Instructions for the task: Using the entries that follow, collect the lines where the word "sequence" appears.

(Saved entries)
((
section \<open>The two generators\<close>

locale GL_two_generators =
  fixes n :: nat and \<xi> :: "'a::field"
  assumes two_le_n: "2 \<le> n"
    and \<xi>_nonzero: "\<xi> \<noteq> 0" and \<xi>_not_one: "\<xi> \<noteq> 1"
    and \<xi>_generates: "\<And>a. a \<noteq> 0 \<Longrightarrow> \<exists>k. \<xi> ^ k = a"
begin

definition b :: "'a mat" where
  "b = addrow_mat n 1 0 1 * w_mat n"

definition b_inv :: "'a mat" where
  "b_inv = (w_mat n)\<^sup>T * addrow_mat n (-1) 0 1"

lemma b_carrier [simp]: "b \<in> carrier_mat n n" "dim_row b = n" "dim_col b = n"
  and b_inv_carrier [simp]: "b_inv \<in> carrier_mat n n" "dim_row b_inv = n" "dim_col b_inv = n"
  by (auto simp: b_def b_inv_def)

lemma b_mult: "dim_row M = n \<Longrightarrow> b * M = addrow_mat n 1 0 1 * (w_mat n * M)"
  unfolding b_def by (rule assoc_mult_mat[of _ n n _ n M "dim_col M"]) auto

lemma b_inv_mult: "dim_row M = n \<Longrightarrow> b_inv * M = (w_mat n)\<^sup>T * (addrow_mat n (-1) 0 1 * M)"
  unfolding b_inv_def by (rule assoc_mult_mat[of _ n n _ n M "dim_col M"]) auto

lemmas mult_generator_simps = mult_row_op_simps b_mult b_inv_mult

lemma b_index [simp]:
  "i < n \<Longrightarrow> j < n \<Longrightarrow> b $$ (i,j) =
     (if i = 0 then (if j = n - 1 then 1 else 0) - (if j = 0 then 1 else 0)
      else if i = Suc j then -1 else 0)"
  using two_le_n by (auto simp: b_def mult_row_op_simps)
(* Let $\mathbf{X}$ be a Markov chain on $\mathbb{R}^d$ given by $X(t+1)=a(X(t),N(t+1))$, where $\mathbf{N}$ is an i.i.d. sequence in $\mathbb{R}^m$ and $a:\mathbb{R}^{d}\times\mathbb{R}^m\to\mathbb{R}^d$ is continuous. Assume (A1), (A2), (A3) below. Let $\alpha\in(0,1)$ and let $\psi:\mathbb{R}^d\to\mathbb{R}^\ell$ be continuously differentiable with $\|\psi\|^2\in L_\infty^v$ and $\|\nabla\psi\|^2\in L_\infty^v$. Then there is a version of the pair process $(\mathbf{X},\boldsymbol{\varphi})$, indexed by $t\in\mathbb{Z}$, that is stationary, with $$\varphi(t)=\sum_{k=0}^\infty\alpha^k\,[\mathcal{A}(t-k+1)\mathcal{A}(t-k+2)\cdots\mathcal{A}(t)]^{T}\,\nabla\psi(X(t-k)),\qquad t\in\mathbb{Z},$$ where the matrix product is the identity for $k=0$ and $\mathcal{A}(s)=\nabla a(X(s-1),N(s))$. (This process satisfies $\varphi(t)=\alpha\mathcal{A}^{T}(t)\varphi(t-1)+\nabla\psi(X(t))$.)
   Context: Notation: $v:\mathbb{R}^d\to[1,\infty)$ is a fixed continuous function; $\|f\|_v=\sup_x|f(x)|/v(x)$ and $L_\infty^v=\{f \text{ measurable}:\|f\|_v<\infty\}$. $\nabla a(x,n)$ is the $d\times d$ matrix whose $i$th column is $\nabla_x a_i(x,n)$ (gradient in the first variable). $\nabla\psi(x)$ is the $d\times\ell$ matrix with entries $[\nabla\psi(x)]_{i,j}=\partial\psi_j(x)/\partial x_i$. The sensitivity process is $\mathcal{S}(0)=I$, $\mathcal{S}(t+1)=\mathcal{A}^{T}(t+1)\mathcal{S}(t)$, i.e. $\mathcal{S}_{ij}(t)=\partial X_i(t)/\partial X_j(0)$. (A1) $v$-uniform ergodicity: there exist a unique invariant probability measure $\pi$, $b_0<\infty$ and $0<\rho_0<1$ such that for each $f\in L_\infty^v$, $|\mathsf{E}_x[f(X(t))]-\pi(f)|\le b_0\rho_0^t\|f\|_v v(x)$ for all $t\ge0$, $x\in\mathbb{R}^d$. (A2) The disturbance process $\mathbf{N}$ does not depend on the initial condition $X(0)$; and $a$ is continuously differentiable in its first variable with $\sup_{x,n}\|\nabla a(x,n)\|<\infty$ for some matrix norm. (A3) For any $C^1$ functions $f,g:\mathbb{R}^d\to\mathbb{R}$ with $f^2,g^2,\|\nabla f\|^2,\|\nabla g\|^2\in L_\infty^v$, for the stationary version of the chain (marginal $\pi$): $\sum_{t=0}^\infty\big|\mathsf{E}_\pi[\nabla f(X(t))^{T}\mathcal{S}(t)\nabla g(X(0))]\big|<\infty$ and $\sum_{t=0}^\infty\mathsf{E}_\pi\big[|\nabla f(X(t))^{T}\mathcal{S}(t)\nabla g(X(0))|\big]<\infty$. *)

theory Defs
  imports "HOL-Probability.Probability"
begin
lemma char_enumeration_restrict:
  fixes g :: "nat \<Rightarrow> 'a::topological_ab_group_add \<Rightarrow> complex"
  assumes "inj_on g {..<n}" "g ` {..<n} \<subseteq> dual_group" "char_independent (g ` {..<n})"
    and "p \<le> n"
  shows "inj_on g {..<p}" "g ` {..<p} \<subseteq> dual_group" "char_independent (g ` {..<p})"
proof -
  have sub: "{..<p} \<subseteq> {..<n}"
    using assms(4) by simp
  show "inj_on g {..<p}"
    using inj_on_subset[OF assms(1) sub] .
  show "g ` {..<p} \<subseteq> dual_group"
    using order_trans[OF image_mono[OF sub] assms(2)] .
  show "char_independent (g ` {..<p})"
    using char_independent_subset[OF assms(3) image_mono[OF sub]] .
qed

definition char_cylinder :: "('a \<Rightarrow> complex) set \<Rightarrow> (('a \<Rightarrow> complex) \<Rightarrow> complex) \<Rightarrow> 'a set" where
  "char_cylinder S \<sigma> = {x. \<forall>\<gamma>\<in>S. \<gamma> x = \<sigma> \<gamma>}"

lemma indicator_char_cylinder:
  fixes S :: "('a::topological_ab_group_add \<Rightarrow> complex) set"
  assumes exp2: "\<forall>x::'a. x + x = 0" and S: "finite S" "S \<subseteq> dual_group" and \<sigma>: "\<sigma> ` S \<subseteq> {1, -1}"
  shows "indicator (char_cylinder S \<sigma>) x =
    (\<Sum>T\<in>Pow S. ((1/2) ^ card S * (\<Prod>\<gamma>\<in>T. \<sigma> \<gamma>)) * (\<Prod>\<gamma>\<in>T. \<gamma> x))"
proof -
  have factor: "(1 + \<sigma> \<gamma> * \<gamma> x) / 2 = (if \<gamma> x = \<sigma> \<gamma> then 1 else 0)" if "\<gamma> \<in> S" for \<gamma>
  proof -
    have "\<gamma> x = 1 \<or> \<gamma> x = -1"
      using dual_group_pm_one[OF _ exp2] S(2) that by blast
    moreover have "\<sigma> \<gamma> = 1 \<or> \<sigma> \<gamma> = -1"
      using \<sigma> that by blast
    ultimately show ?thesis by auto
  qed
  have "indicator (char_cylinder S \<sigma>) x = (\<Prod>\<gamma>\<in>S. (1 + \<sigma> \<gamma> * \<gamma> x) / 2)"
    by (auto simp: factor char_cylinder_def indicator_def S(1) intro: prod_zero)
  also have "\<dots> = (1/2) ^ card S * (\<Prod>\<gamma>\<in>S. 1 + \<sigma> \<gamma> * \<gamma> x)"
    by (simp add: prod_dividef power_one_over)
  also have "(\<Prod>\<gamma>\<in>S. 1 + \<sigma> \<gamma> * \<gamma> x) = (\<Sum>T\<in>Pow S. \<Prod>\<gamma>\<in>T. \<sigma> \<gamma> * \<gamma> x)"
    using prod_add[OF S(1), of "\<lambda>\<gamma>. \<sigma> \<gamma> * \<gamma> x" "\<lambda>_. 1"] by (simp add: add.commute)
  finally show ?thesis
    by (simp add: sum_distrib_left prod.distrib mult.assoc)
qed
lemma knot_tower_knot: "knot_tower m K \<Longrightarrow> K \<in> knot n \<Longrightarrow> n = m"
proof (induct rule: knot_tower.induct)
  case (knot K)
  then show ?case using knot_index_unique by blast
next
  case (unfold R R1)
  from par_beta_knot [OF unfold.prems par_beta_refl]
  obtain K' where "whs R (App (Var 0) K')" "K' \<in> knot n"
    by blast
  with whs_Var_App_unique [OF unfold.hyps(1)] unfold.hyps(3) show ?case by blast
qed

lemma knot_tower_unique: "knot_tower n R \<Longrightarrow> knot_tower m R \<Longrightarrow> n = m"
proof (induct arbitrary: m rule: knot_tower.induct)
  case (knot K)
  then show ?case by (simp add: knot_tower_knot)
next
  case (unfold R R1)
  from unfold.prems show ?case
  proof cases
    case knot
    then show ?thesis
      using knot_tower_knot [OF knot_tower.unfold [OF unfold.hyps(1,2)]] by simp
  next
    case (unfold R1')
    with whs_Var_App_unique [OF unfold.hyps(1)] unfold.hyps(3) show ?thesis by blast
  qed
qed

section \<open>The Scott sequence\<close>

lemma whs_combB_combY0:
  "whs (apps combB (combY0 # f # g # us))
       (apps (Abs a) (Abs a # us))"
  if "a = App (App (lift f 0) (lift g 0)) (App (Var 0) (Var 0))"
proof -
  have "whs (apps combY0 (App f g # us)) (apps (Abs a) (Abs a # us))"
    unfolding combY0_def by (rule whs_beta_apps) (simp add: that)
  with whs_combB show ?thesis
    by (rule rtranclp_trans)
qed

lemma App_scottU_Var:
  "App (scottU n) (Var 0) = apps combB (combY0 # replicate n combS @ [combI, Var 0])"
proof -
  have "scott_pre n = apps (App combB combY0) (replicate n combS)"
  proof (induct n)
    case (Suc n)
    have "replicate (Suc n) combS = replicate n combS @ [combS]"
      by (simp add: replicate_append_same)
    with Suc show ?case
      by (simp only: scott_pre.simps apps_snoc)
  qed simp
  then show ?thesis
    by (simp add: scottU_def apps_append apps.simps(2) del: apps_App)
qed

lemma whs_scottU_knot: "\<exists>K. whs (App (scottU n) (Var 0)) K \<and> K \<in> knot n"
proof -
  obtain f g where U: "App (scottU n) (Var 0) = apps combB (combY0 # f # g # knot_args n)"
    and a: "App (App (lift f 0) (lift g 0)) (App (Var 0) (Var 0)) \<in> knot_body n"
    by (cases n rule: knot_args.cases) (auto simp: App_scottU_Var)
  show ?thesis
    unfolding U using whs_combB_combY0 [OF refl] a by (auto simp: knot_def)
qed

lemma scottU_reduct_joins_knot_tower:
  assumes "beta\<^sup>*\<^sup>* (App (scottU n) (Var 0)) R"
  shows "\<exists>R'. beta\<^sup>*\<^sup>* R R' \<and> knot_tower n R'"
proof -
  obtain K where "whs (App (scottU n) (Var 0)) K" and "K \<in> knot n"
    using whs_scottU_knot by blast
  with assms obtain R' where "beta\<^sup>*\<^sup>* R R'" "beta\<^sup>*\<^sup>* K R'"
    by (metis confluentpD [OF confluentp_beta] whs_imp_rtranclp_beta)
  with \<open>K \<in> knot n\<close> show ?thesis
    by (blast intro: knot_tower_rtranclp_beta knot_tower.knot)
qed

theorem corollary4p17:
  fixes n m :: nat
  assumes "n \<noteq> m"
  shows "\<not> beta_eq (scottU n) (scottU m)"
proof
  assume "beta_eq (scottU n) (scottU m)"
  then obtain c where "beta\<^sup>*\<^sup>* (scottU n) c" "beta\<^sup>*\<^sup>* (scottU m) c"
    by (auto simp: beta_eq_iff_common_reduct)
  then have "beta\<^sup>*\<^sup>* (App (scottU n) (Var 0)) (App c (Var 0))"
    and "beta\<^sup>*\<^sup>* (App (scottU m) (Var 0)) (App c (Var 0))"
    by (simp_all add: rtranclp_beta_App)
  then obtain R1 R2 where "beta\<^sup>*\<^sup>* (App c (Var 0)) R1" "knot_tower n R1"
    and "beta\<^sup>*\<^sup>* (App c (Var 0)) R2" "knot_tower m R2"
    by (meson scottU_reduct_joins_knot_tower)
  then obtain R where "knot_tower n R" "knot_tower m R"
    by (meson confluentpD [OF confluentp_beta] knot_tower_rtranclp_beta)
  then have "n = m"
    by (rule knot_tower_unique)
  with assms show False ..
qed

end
))
Output:
(* Let $\mathbf{X}$ be a Markov chain on $\mathbb{R}^d$ given by $X(t+1)=a(X(t),N(t+1))$, where $\mathbf{N}$ is an i.i.d. sequence in $\mathbb{R}^m$ and $a:\mathbb{R}^{d}\times\mathbb{R}^m\to\mathbb{R}^d$ is continuous. Assume (A1), (A2), (A3) below. Let $\alpha\in(0,1)$ and let $\psi:\mathbb{R}^d\to\mathbb{R}^\ell$ be continuously differentiable with $\|\psi\|^2\in L_\infty^v$ and $\|\nabla\psi\|^2\in L_\infty^v$. Then there is a version of the pair process $(\mathbf{X},\boldsymbol{\varphi})$, indexed by $t\in\mathbb{Z}$, that is stationary, with $$\varphi(t)=\sum_{k=0}^\infty\alpha^k\,[\mathcal{A}(t-k+1)\mathcal{A}(t-k+2)\cdots\mathcal{A}(t)]^{T}\,\nabla\psi(X(t-k)),\qquad t\in\mathbb{Z},$$ where the matrix product is the identity for $k=0$ and $\mathcal{A}(s)=\nabla a(X(s-1),N(s))$. (This process satisfies $\varphi(t)=\alpha\mathcal{A}^{T}(t)\varphi(t-1)+\nabla\psi(X(t))$.)
section \<open>The Scott sequence\<close>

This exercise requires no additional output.